Говорят, мусульмане расслабляются в пятницу, евреи — в субботу, люд православный — в воскресенье, а Виктор Павлович Башуров с некоторых пор приноровился развлекаться каждый божий день. Вот и ныне, едва за окнами опустилась темнота осеннего вечера, он не спеша оделся, чмокнул повстречавшуюся в дверях Катю:
— Я ненадолго, солнце мое, прогуляюсь, — и не дожидаясь лифта, энергично двинулся вниз по лестнице.
На улице было безветренно, под толстыми подошвами ботинок «коммандо» раскисал мокрый снег. Погуляв с полчаса, Башуров нырнул в метро, усевшись в полупустом вагоне, глянул по сторонам, вздохнул тяжело: а вдруг сегодня будет как вчера, по нулям? Пока он переживал, поезд остановился, и расталкивая выходивших пассажиров плечищами, в двери ввалились трое молодых людей, крепких, наглых и отвязанных. Они бесцеремонно развалились на сиденьях почти напротив ликвидатора, важно закурив, синхронно выпустили дым в его сторону, и тот страшно обрадовался: вот оно, начинается!
Без лишних разговоров Виктор Павлович поднялся и метлообразным движением ноги резко размазал заморский табачок по дебильным российским рожам, а чтобы молодых людей разобрало по-настоящему, выдернул одного из них за ухо на середину вагона:
— А. что, козлы рогатые, курить научились?
— Мужик, ты это чего, мужик, отпусти. — Молодцы сразу как-то скисли, стремительно сорвались к дверям и на ближайшей остановке из вагона испарились, а ликвидатор вернулся на свое место, от злости осунувшись даже, — крепкого разговора по душам наладить не удалось.
Вот уже с неделю что-то толкало его на всякие подвиги, и печально, но факт: при успешном их воплощении в жизнь настроение у Виктора Павловича поправлялось совершенно, а на сердце становилось легко и покойно.
Особенно удачным оказался день позавчерашний, когда в общественном бесплатном — просто чудо какое-то! — туалете, что со времен застоя исправно функционировал недалеко от Гавани, справлявшего нужду Башурова спросили: «Деньжат не отмусолишь, корешок?» Интерес проявила группа товарищей, причем у одного из них глаза были остекленевшие, как это часто случается с людьми, пережившими травму носа, в ощеренной пасти другого тускло блестели фиксы, а третий небрежно играл здоровенным ножом-свиноколом, и Виктор Павлович от радости широко заулыбался:
— Мать честная, Кардан! — Энергично застегнув штаны, он придвинулся к обладателю тесака и от удовольствия громко заржал. — А помнишь, кент, как мы в кошаре тем козлам рога обломали?

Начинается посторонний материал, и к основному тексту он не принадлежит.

(* For any integer $g\ge 0$, \[\sum_{S\in\mathcal{B}(g)}t_2(S)\le F_{g+4},\] where $F_n$ is the $n$-th Fibonacci number ($F_1=F_2=1$, $F_{n+2}=F_{n+1}+F_n$).
   Context: A numerical semigroup $S$ is a submonoid of $\mathbb{N}_0$ with finite complement $\mathcal{H}(S)$; its genus is $|\mathcal{H}(S)|$, $m=m(S)$ its smallest nonzero element and $F=F(S)=\max\mathcal{H}(S)$. The type $t(S)$ is the number of $P\in\mathcal{H}(S)$ with $P+s\in S$ for all $s\in S\setminus\{0\}$. Define $t_1(S)=\#(\mathcal{H}(S)\cap[F-m+1,F])$ and $t_2(S)=t(S)-t_1(S)$. $\mathcal{B}(g)$ is the set of numerical semigroups $S$ of genus $g$ with $F(S)<2m(S)$. *)

theory Defs
  imports Main "HOL-Number_Theory.Fib"
begin

definition numerical_semigroup :: "nat set \<Rightarrow> bool" where
  "numerical_semigroup S \<longleftrightarrow> 0 \<in> S \<and> (\<forall>a\<in>S. \<forall>b\<in>S. a + b \<in> S) \<and> finite (UNIV - S)"

definition gaps :: "nat set \<Rightarrow> nat set" where
  "gaps S = UNIV - S"

definition genus :: "nat set \<Rightarrow> nat" where
  "genus S = card (gaps S)"

definition multiplicity_ns :: "nat set \<Rightarrow> nat" where
  "multiplicity_ns S = (LEAST s. s \<in> S \<and> s \<noteq> 0)"

definition frobenius :: "nat set \<Rightarrow> int" where
  "frobenius S = (if gaps S = {} then -1 else int (Max (gaps S)))"

definition pseudo_frobenius :: "nat set \<Rightarrow> nat set" where
  "pseudo_frobenius S = {P \<in> gaps S. \<forall>s\<in>S. s \<noteq> 0 \<longrightarrow> P + s \<in> S}"

definition type_ns :: "nat set \<Rightarrow> nat" where
  "type_ns S = card (pseudo_frobenius S)"

definition t1 :: "nat set \<Rightarrow> nat" where
  "t1 S = card {h \<in> gaps S. frobenius S - int (multiplicity_ns S) + 1 \<le> int h \<and> int h \<le> frobenius S}"

definition t2 :: "nat set \<Rightarrow> int" where
  "t2 S = int (type_ns S) - int (t1 S)"

definition B_set :: "nat \<Rightarrow> nat set set" where
  "B_set g = {S. numerical_semigroup S \<and> genus S = g \<and> frobenius S < 2 * int (multiplicity_ns S)}"

end

theory Submission
  imports Defs
begin

(* Since t1 counts the gaps in [F - m + 1, F], t2 S is at most the number of pseudo-Frobenius
   numbers P <= F - m. Such a P forces m < F, and then S in B(g) is determined by g and by its
   window w i = (m + i : S), 1 <= i <= n = F - m - 1, where n + 2 <= m because F < 2m.
   The shift P satisfies w P, not w (n + 1 - P) and w i ==> w (i + P), so the pairs
   (w i, w (i + P)) are never (True, False). Listing these pairs, ended by the marker
   [True, False], followed by the window positions not yet covered, encodes (S, P) injectively
   as a binary word of weight (True counts 1, False counts 2) at most g + 1, and there are
   fib (K + 3) - 1 words of weight at most K. *)

section \<open>Binary words of bounded weight\<close>

definition bit_weight :: "bool \<Rightarrow> nat" where
  "bit_weight x = (if x then 1 else 2)"

definition word_weight :: "bool list \<Rightarrow> nat" where
  "word_weight xs = sum_list (map bit_weight xs)"

lemma word_weight_simps [simp]:
  "word_weight [] = 0"
  "word_weight (x # xs) = bit_weight x + word_weight xs"
  "word_weight (xs @ ys) = word_weight xs + word_weight ys"
  by (simp_all add: word_weight_def)

lemma length_le_word_weight: "length xs \<le> word_weight xs"
  by (induction xs) (auto simp: bit_weight_def)

lemma word_weight_eq_0_iff: "word_weight xs = 0 \<longleftrightarrow> xs = []"
  by (cases xs) (auto simp: bit_weight_def)

lemma finite_word_weight_le: "finite {xs. word_weight xs \<le> K}"
proof (rule finite_subset)
  show "{xs. word_weight xs \<le> K} \<subseteq> {xs. set xs \<subseteq> UNIV \<and> length xs \<le> K}"
    using length_le_word_weight order_trans by blast
qed (rule finite_lists_length_le, simp)

lemma word_weight_le_set_eq:
  "{xs. word_weight xs \<le> K} =
     insert [] (Cons True ` {xs. word_weight xs + 1 \<le> K} \<union> Cons False ` {xs. word_weight xs + 2 \<le> K})"
  (is "?A = ?B")
proof (rule set_eqI)
  fix xs show "xs \<in> ?A \<longleftrightarrow> xs \<in> ?B"
    by (cases xs) (auto simp: bit_weight_def)
qed

lemma card_word_weight_le_rec:
  "card {xs. word_weight xs \<le> K} =
     Suc (card {xs. word_weight xs + 1 \<le> K} + card {xs. word_weight xs + 2 \<le> K})"
proof -
  let ?T = "{xs. word_weight xs + 1 \<le> K}" and ?F = "{xs. word_weight xs + 2 \<le> K}"
  have fin: "finite ?T" "finite ?F"
    by (rule finite_subset[OF _ finite_word_weight_le[of K]], auto)+
  have "card (Cons True ` ?T \<union> Cons False ` ?F) = card ?T + card ?F"
    using fin by (subst card_Un_disjoint) (auto simp: card_image)
  then show ?thesis
    using fin by (subst word_weight_le_set_eq, subst card_insert_disjoint) auto
qed

theorem card_word_weight_le: "card {xs. word_weight xs \<le> K} + 1 = fib (K + 3)"
proof (induction K rule: fib.induct)
  case 1
  show ?case by (subst card_word_weight_le_rec) (simp add: numeral_eq_Suc)
next
  case 2
  have "{xs. word_weight xs \<le> 0} = {[]}"
    by (auto simp: word_weight_eq_0_iff)
  then show ?case by (subst card_word_weight_le_rec) (simp add: numeral_eq_Suc)
next
  case (3 K)
  then show ?case by (subst card_word_weight_le_rec) (simp add: numeral_eq_Suc)
qed

lemma sum_bit_weight:
  "finite I \<Longrightarrow> (\<Sum>i\<in>I. bit_weight (b i)) = card I + card {i\<in>I. \<not> b i}"
proof (induction I rule: finite_induct)
  case (insert x I)
  then have "{i \<in> insert x I. \<not> b i} = (if b x then {i\<in>I. \<not> b i} else insert x {i\<in>I. \<not> b i})"
    by auto
  with insert show ?case
    by (simp add: bit_weight_def)
qed simp

lemma word_weight_map_upt: "word_weight (map b [a..<c]) = (\<Sum>i\<in>{a..<c}. bit_weight (b i))"
  by (simp add: word_weight_def interv_sum_list_conv_sum_set_nat comp_def)

section \<open>Encoding admissible shifts of a 0-1 window\<close>

definition pairs_word :: "(bool \<times> bool) list \<Rightarrow> bool list" where
  "pairs_word ps = concat (map (\<lambda>(a, c). [a, c]) ps)"

lemma pairs_word_simps [simp]:
  "pairs_word [] = []"
  "pairs_word ((a, c) # ps) = a # c # pairs_word ps"
  by (simp_all add: pairs_word_def)

fun split_at_marker :: "bool list \<Rightarrow> (bool \<times> bool) list \<times> bool list" where
  "split_at_marker (True # False # r) = ([], r)"
| "split_at_marker (a # c # r) = (let (ps, t) = split_at_marker r in ((a, c) # ps, t))"
| "split_at_marker r = ([], r)"

lemma split_at_marker_pairs_word:
  "(True, False) \<notin> set ps \<Longrightarrow> split_at_marker (pairs_word ps @ True # False # r) = (ps, r)"
proof (induction ps)
  case (Cons p ps)
  then show ?case by (cases p) (auto split: bool.split)
qed simp

definition admissible_shift :: "(nat \<Rightarrow> bool) \<Rightarrow> nat \<Rightarrow> nat \<Rightarrow> bool" where
  "admissible_shift b n P \<longleftrightarrow> 1 \<le> P \<and> P \<le> n \<and> b P \<and> \<not> b (n + 1 - P) \<and>
     (\<forall>i. 1 \<le> i \<longrightarrow> i + P \<le> n \<longrightarrow> b i \<longrightarrow> b (i + P))"

definition shift_pairs :: "(nat \<Rightarrow> bool) \<Rightarrow> nat \<Rightarrow> nat \<Rightarrow> (bool \<times> bool) list" where
  "shift_pairs b P k = map (\<lambda>i. (b i, b (i + P))) [1..<k]"

(* The marker [True, False] ends the pair list and also accounts for the two window positions
   fixed by admissibility: P and n + 1 - P if n + 1 - P < P, and P and 2 P otherwise (see
   admissible_shift_long); the two-letter prefix tells the cases apart and balances the weight. *)
definition shift_code :: "(nat \<Rightarrow> bool) \<Rightarrow> nat \<Rightarrow> nat \<Rightarrow> bool list" where
  "shift_code b n P =
     (if n + 1 - P < P then
        [False, True] @ pairs_word (shift_pairs b P (n + 1 - P)) @ [True, False] @ map b [n + 2 - P..<P]
      else
        [True, True] @ pairs_word (shift_pairs b P P) @ [True, False] @ map b [2 * P + 1..<n + 1])"

lemma admissible_shift_no_marker:
  "admissible_shift b n P \<Longrightarrow> k + P \<le> n + 1 \<Longrightarrow> (True, False) \<notin> set (shift_pairs b P k)"
  by (auto simp: admissible_shift_def shift_pairs_def)

lemma admissible_shift_long:
  assumes "admissible_shift b n P" and "\<not> n + 1 - P < P"
  shows "2 * P \<le> n" and "b (2 * P)"
proof -
  have "n + 1 - P \<noteq> P"
    using assms(1) by (metis admissible_shift_def)
  with assms show "2 * P \<le> n"
    unfolding admissible_shift_def by auto
  with assms(1) show "b (2 * P)"
    unfolding admissible_shift_def by (metis mult_2)
qed

lemma shift_pairs_eqD:
  "shift_pairs b P k = shift_pairs b' P k \<Longrightarrow> 1 \<le> i \<Longrightarrow> i < k \<Longrightarrow> b' i = b i \<and> b' (i + P) = b (i + P)"
  by (auto simp: shift_pairs_def map_eq_conv)

lemma shift_code_short_eqD:
  assumes adm: "admissible_shift b n P" "admissible_shift b' n' P'"
    and short: "n + 1 - P < P" "n' + 1 - P' < P'"
    and pairs: "shift_pairs b P (n + 1 - P) = shift_pairs b' P' (n' + 1 - P')"
    and tail: "map b [n + 2 - P..<P] = map b' [n' + 2 - P'..<P']"
  shows "P' = P \<and> n' = n \<and> (\<forall>i\<in>{1..n}. b' i = b i)"
proof -
  define q where "q = n + 1 - P"
  have q: "1 \<le> q" "q + P = n + 1" "\<not> b q" "b P"
    using adm(1) unfolding admissible_shift_def q_def by auto
  have "length (shift_pairs b P q) = length (shift_pairs b' P' (n' + 1 - P'))"
    using pairs q_def by simp
  then have "n' + 1 - P' = q"
    using adm(2) q(1) unfolding admissible_shift_def shift_pairs_def by auto
  then have q': "n' + 1 - P' = q" "q + P' = n' + 1" "\<not> b' q" "b' P'"
    using adm(2) unfolding admissible_shift_def by auto
  have "length (map b [n + 2 - P..<P]) = length (map b' [n' + 2 - P'..<P'])"
    using tail by simp
  then have PP: "P' = P"
    using short q q' unfolding q_def by simp
  have nn: "n' = n"
    using q(2) q'(2) PP by simp
  have "b' i = b i" if "1 \<le> i" "i \<le> n" for i
  proof -
    have "shift_pairs b P q = shift_pairs b' P q"
      using pairs q'(1) PP q_def by simp
    note pairsD = shift_pairs_eqD[OF this]
    consider "i < q" | "i = q" | "q < i" "i < P" | "i = P" | "P < i"
      by linarith
    then show ?thesis
    proof cases
      case 1
      then show ?thesis using pairsD that by blast
    next
      case 3
      then show ?thesis
        using tail[unfolded PP nn] q(2) by (auto simp: map_eq_conv)
    next
      case 5
      then show ?thesis
        using pairsD[of "i - P"] that q(2) by simp
    qed (use q q' PP in simp_all)
  qed
  then show ?thesis using PP nn by simp
qed

lemma shift_code_long_eqD:
  assumes adm: "admissible_shift b n P" "admissible_shift b' n' P'"
    and long: "\<not> n + 1 - P < P" "\<not> n' + 1 - P' < P'"
    and pairs: "shift_pairs b P P = shift_pairs b' P' P'"
    and tail: "map b [2 * P + 1..<n + 1] = map b' [2 * P' + 1..<n' + 1]"
  shows "P' = P \<and> n' = n \<and> (\<forall>i\<in>{1..n}. b' i = b i)"
proof -
  have P: "1 \<le> P" "b P" "2 * P \<le> n" "b (2 * P)"
    using adm(1) admissible_shift_long[OF adm(1) long(1)] unfolding admissible_shift_def by auto
  have P': "1 \<le> P'" "b' P'" "2 * P' \<le> n'" "b' (2 * P')"
    using adm(2) admissible_shift_long[OF adm(2) long(2)] unfolding admissible_shift_def by auto
  have "length (shift_pairs b P P) = length (shift_pairs b' P' P')"
    using pairs by simp
  then have PP: "P' = P"
    using P(1) P'(1) unfolding shift_pairs_def by simp
  have "length (map b [2 * P + 1..<n + 1]) = length (map b' [2 * P' + 1..<n' + 1])"
    using tail by simp
  then have nn: "n' = n"
    using P(3) P'(3) PP by (simp only: length_map length_upt)
  have "b' i = b i" if "1 \<le> i" "i \<le> n" for i
  proof -
    note pairsD = shift_pairs_eqD[OF pairs[unfolded PP, symmetric]]
    consider "i < P" | "i = P" | "P < i" "i < 2 * P" | "i = 2 * P" | "2 * P < i"
      by linarith
    then show ?thesis
    proof cases
      case 1
      then show ?thesis using pairsD that by blast
    next
      case 3
      then show ?thesis using pairsD[of "i - P"] by simp
    next
      case 5
      then show ?thesis
        using tail[unfolded PP nn] that by (auto simp: map_eq_conv)
    qed (use P P' PP in simp_all)
  qed
  then show ?thesis using PP nn by simp
qed

theorem shift_code_eqD:
  assumes adm: "admissible_shift b n P" "admissible_shift b' n' P'"
    and eq: "shift_code b n P = shift_code b' n' P'"
  shows "P' = P \<and> n' = n \<and> (\<forall>i\<in>{1..n}. b' i = b i)"
proof -
  have "P \<le> n" "P' \<le> n'"
    using adm unfolding admissible_shift_def by auto
  note split = split_at_marker_pairs_word[OF admissible_shift_no_marker[OF adm(1)]]
    split_at_marker_pairs_word[OF admissible_shift_no_marker[OF adm(2)]]
  have eq_split: "split_at_marker (drop 2 (shift_code b n P)) = split_at_marker (drop 2 (shift_code b' n' P'))"
    using eq by simp
  show ?thesis
  proof (cases "n + 1 - P < P")
    case True
    then have "n' + 1 - P' < P'"
      using eq unfolding shift_code_def by (auto split: if_splits)
    with True eq_split show ?thesis
      using shift_code_short_eqD[OF adm True] split[of "n + 1 - P"] split[of "n' + 1 - P'"]
        \<open>P \<le> n\<close> \<open>P' \<le> n'\<close>
      unfolding shift_code_def by simp
  next
    case False
    then have "\<not> n' + 1 - P' < P'"
      using eq unfolding shift_code_def by (auto split: if_splits)
    with False eq_split show ?thesis
      using shift_code_long_eqD[OF adm False] split[of P] split[of P']
        admissible_shift_long(1)[OF adm(1) False] admissible_shift_long(1)[OF adm(2)]
      unfolding shift_code_def by simp
  qed
qed

lemma word_weight_shift_pairs:
  "word_weight (pairs_word (shift_pairs b P k)) =
     (\<Sum>i\<in>{1..<k}. bit_weight (b i)) + (\<Sum>i\<in>{1 + P..<k + P}. bit_weight (b i))"
proof -
  have "word_weight (pairs_word (map (\<lambda>i. (b i, b (i + P))) xs)) =
      sum_list (map (\<lambda>i. bit_weight (b i) + bit_weight (b (i + P))) xs)" for xs
    by (induction xs) auto
  then show ?thesis
    by (simp add: shift_pairs_def interv_sum_list_conv_sum_set_nat sum.distrib
        sum.shift_bounds_nat_ivl[where g = "\<lambda>i. bit_weight (b i)", symmetric])
qed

— Каким козлам? — Небритое чело оруженосца отразило напряженную работу мысли, и, чтобы ему помочь, ликвидатор подшагнул еще ближе:
— Ну, чичка у меня была еще вот здесь, — и показал пальцем себе на переносицу.
В следующее мгновение он уже воткнул его хозяину свинокола в глаз, ощутив теплоту студенистого месива, развернул в ране и с длинным яростным криком приласкал фиксатого россиянина каменно-твердым носком башмака под колено. Тот крякнул и, схватившись за больное место, от сильного апперкота под челюсть тут же отъехал в нокаут, а ликвидатор без промедления занялся его еще не добитым коллегой. После «крапивы» — резкого хлеста кончиками пальцев по глазам — тот сразу же интерес к происходящему утратил, и, с силой бортанув его рожей о писсуар, Башуров заметил с глубоким удовлетворением, что туалетный агрегат мгновенно окрасился в радикально красный цвет.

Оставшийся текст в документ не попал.